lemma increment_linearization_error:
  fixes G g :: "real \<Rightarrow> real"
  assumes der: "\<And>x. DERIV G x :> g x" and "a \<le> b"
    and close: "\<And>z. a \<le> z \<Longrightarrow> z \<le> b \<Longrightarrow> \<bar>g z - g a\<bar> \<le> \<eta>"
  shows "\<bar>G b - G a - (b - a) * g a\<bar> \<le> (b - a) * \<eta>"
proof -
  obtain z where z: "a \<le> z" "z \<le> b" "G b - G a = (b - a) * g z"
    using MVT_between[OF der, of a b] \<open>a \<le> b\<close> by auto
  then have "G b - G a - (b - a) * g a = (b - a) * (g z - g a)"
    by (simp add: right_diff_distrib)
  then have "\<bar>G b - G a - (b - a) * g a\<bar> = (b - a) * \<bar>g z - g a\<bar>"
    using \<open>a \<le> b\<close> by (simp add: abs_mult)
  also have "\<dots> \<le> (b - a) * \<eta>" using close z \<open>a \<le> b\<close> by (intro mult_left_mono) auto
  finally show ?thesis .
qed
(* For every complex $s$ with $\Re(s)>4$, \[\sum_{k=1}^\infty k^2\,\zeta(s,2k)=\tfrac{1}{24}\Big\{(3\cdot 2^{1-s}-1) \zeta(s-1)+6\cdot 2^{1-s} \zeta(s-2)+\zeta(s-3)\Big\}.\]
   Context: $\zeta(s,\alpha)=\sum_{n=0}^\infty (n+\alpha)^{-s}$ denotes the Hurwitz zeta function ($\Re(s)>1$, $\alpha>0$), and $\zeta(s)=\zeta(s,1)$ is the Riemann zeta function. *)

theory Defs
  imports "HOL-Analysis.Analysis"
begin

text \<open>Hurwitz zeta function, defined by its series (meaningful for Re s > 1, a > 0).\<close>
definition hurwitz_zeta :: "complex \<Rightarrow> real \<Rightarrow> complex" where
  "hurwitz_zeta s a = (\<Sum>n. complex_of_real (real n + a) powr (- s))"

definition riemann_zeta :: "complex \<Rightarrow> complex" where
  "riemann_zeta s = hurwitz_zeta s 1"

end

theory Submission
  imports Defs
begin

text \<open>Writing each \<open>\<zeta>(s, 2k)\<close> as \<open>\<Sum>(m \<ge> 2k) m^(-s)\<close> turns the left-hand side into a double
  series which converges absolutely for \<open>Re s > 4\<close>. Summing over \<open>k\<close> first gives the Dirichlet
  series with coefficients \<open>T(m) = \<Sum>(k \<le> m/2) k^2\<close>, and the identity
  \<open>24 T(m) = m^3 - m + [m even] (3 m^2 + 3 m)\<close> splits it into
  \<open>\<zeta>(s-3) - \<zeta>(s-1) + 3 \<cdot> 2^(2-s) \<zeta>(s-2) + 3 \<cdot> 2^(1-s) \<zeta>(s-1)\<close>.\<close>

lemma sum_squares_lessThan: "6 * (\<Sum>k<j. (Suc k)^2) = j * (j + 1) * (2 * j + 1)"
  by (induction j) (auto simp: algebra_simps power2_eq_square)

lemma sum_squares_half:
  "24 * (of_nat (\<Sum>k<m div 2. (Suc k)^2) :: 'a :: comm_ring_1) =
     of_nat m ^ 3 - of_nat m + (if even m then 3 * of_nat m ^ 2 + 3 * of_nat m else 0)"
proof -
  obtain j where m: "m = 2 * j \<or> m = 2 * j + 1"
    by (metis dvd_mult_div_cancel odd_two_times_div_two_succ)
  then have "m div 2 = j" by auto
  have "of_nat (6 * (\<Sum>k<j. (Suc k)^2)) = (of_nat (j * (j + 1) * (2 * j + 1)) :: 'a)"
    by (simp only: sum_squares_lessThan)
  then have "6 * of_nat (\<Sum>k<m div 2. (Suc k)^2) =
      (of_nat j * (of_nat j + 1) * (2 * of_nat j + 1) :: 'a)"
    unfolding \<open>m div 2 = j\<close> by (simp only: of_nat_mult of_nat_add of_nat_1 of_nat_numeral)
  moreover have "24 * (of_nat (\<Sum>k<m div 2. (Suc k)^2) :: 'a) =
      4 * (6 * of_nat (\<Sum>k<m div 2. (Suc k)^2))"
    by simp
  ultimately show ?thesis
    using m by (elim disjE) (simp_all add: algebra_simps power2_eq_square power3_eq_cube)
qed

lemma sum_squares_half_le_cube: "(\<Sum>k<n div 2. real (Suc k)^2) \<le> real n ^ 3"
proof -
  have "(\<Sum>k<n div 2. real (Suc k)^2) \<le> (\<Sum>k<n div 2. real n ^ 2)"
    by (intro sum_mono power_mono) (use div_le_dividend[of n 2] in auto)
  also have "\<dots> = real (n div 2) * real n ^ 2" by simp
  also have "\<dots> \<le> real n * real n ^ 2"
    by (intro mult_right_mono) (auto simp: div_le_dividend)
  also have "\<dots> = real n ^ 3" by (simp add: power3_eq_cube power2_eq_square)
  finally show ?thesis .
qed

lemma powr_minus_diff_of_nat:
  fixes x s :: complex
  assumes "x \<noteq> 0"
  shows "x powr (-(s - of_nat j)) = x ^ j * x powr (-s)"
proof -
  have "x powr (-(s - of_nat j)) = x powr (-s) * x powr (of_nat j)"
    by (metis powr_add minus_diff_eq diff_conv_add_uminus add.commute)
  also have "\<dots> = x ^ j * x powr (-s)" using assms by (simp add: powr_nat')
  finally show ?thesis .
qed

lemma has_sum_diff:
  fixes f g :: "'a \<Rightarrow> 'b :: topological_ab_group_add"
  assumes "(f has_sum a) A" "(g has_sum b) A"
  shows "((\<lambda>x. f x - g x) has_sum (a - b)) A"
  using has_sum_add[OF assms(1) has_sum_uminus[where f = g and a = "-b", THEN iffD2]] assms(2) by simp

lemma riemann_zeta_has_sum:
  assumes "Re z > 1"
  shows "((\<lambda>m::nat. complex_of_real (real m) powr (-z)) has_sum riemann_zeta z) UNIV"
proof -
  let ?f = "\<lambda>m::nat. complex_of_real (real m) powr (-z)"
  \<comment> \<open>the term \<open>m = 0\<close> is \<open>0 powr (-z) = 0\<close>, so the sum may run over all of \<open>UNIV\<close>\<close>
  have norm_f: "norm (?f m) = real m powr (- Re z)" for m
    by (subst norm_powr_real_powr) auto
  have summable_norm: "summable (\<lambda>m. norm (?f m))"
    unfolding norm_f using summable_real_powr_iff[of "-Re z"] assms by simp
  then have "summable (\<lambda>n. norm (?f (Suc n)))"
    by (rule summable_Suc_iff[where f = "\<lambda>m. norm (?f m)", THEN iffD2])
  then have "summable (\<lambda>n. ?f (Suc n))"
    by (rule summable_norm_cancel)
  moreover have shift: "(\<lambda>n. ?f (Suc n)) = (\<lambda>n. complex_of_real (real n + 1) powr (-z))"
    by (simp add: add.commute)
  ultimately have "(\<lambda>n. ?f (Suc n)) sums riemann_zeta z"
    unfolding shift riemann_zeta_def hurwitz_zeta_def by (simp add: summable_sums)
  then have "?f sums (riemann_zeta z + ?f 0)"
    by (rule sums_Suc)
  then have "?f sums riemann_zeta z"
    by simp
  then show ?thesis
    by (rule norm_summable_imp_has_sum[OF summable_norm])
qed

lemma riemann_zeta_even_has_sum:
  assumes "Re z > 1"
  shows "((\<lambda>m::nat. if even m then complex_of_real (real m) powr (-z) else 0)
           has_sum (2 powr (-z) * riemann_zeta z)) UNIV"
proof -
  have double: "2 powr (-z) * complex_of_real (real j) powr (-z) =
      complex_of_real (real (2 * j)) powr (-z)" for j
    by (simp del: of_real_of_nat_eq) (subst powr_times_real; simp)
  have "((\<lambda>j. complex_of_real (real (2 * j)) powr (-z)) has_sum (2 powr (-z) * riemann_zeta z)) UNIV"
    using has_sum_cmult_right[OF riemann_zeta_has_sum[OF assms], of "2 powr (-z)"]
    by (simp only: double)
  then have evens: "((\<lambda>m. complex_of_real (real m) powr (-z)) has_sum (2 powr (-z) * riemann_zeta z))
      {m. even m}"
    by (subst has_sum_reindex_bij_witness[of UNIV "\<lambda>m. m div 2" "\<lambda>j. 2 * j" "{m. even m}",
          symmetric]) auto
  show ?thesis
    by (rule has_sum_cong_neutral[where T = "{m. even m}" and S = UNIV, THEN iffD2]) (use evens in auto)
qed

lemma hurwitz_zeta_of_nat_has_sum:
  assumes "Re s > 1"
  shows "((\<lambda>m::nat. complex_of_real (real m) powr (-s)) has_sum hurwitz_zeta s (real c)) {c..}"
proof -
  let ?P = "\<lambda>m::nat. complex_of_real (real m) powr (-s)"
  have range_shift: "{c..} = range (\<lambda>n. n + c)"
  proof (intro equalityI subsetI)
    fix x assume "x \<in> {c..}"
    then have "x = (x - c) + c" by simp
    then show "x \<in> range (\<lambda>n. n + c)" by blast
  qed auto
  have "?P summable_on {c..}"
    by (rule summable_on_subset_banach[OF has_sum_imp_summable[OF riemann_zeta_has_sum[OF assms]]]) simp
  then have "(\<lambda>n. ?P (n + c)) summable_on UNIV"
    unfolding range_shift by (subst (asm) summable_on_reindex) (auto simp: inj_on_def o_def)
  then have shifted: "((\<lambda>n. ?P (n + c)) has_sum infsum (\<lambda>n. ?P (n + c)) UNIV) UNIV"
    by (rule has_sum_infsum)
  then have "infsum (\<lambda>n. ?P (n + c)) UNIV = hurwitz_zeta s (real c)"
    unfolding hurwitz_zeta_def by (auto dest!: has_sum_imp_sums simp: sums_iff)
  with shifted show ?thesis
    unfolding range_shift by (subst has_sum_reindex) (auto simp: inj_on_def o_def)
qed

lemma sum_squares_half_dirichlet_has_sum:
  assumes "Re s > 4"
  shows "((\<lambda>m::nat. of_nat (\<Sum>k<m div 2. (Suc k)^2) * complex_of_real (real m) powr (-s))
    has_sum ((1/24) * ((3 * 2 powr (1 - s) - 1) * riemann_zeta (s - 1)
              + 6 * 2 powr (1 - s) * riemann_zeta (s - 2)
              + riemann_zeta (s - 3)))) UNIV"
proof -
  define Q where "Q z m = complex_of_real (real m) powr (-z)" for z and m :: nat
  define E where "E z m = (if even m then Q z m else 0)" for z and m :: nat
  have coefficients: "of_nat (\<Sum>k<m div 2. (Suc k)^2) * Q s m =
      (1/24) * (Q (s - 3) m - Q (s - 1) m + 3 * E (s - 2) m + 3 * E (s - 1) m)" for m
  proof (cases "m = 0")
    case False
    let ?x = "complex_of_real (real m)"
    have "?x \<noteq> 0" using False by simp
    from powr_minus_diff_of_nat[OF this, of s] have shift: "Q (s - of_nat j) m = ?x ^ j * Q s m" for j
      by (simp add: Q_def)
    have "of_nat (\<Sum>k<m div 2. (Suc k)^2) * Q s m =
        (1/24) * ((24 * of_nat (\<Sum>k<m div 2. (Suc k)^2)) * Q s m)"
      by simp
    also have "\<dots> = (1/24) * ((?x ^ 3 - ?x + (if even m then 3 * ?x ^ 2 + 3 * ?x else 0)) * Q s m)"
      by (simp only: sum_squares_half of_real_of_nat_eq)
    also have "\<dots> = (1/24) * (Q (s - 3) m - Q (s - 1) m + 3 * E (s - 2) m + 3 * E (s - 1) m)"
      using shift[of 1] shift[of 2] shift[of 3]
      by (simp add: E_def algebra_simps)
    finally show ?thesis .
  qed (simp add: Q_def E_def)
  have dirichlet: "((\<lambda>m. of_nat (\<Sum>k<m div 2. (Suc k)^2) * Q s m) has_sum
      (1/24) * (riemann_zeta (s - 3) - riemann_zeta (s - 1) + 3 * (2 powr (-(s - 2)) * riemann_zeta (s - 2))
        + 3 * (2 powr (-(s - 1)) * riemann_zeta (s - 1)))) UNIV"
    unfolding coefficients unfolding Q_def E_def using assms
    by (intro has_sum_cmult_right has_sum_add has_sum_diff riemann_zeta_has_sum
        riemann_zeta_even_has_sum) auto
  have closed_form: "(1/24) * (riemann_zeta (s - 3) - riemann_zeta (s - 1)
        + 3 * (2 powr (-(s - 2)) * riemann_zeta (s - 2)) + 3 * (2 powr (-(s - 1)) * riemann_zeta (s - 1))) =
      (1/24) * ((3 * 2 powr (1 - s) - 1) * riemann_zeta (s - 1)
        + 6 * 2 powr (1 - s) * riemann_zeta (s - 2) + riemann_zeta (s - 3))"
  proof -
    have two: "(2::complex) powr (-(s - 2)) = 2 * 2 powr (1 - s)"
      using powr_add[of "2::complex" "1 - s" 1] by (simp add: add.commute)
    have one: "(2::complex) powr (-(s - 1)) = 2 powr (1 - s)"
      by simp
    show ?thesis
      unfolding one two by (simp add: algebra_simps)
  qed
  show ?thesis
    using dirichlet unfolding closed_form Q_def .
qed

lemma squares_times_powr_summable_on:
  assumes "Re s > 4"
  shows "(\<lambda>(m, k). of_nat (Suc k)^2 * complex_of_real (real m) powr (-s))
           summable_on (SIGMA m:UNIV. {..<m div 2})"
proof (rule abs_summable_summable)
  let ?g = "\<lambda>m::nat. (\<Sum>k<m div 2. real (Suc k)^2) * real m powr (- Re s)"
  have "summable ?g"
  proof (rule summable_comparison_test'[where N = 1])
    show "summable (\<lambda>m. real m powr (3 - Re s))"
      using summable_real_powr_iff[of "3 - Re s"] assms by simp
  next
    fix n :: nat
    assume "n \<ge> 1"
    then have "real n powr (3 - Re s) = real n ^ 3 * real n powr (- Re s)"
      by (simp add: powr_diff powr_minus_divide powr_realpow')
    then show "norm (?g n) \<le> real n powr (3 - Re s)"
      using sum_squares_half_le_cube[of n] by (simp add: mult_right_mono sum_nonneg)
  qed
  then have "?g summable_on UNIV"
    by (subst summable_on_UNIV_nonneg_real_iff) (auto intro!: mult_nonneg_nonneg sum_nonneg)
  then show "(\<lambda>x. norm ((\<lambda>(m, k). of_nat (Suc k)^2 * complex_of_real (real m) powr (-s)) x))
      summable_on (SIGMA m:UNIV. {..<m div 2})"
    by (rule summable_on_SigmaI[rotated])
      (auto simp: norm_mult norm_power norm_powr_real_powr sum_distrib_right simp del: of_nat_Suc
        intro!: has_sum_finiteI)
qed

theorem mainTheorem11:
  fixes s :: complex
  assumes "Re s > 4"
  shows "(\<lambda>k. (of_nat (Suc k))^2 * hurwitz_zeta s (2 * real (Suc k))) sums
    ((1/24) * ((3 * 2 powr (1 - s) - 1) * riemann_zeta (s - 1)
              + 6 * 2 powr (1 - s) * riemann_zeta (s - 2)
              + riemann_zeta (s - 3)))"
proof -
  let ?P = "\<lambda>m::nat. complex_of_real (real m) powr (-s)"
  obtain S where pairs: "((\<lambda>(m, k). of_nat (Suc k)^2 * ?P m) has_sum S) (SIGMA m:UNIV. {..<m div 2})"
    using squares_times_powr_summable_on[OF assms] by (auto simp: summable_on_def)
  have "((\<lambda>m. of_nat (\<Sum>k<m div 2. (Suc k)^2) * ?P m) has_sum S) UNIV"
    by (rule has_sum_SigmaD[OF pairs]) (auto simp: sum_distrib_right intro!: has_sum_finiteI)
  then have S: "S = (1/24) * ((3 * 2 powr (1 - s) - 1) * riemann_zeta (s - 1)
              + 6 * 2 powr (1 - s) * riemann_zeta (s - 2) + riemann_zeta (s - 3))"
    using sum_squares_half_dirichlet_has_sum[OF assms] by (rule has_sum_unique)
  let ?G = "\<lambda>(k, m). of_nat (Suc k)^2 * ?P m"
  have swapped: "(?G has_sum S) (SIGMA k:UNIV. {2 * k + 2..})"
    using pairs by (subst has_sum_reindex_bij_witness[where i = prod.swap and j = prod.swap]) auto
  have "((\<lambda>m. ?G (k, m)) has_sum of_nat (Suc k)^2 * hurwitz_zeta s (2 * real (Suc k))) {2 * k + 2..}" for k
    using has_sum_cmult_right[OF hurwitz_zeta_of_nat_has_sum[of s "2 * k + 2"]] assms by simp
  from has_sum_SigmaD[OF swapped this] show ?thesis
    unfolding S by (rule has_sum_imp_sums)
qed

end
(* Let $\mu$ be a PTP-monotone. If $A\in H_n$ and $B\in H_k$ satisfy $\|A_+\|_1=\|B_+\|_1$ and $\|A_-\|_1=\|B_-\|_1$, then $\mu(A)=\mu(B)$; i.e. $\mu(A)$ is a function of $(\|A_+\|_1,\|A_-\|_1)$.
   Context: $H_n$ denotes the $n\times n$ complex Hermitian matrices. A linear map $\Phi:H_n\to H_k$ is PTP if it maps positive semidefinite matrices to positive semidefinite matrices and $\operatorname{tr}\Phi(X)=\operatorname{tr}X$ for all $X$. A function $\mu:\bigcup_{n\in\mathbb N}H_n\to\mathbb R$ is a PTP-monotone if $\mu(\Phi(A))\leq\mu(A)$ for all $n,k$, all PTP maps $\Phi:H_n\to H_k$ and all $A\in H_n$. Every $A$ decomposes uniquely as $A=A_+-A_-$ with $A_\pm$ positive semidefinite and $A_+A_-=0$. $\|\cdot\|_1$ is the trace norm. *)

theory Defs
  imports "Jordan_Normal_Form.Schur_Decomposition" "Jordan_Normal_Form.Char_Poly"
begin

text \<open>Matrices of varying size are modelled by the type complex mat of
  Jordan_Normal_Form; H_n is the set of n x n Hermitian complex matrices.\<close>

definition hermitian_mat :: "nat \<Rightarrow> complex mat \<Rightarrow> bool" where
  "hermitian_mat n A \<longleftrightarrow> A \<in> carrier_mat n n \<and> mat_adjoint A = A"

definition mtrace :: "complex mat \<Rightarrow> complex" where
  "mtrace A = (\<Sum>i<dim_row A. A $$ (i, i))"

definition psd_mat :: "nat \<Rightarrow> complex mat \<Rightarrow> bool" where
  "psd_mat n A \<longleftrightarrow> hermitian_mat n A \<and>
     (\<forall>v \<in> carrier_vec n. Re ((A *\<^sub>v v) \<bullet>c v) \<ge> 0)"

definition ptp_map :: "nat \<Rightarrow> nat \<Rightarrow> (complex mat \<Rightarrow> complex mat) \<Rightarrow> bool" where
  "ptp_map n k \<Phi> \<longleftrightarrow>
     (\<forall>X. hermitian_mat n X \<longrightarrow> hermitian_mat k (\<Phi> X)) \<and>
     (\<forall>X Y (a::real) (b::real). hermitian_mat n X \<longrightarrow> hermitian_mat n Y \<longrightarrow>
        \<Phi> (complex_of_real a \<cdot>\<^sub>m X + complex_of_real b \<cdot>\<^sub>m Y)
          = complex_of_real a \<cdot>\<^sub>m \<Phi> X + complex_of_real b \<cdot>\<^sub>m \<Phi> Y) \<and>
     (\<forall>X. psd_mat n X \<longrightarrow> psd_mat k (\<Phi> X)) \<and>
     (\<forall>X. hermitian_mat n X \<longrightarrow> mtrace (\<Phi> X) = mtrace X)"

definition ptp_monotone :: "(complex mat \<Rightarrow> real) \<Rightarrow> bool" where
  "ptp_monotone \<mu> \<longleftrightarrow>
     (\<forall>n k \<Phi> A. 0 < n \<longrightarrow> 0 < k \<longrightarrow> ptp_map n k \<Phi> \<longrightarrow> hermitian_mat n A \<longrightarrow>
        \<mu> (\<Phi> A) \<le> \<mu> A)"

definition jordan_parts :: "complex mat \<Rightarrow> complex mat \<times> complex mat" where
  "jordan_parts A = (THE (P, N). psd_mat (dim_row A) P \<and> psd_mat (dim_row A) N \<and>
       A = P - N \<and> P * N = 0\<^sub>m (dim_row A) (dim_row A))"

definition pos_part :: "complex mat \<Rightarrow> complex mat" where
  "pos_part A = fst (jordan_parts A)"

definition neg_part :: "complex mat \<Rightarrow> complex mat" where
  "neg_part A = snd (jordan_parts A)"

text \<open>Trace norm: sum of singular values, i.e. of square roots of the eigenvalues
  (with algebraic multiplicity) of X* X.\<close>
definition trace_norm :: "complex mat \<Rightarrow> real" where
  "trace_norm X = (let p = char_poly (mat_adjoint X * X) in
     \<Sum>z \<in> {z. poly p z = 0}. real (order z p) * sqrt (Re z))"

### TASK STATEMENT
Print, from the entries above, the line with "using sum_squares_half_le_cube[of n]", the line with "by (rule summable_on_SigmaI[rotated])" and all lines between them, exactly and with nothing else.

### TASK ANSWER
      using sum_squares_half_le_cube[of n] by (simp add: mult_right_mono sum_nonneg)
  qed
  then have "?g summable_on UNIV"
    by (subst summable_on_UNIV_nonneg_real_iff) (auto intro!: mult_nonneg_nonneg sum_nonneg)
  then show "(\<lambda>x. norm ((\<lambda>(m, k). of_nat (Suc k)^2 * complex_of_real (real m) powr (-s)) x))
      summable_on (SIGMA m:UNIV. {..<m div 2})"
    by (rule summable_on_SigmaI[rotated])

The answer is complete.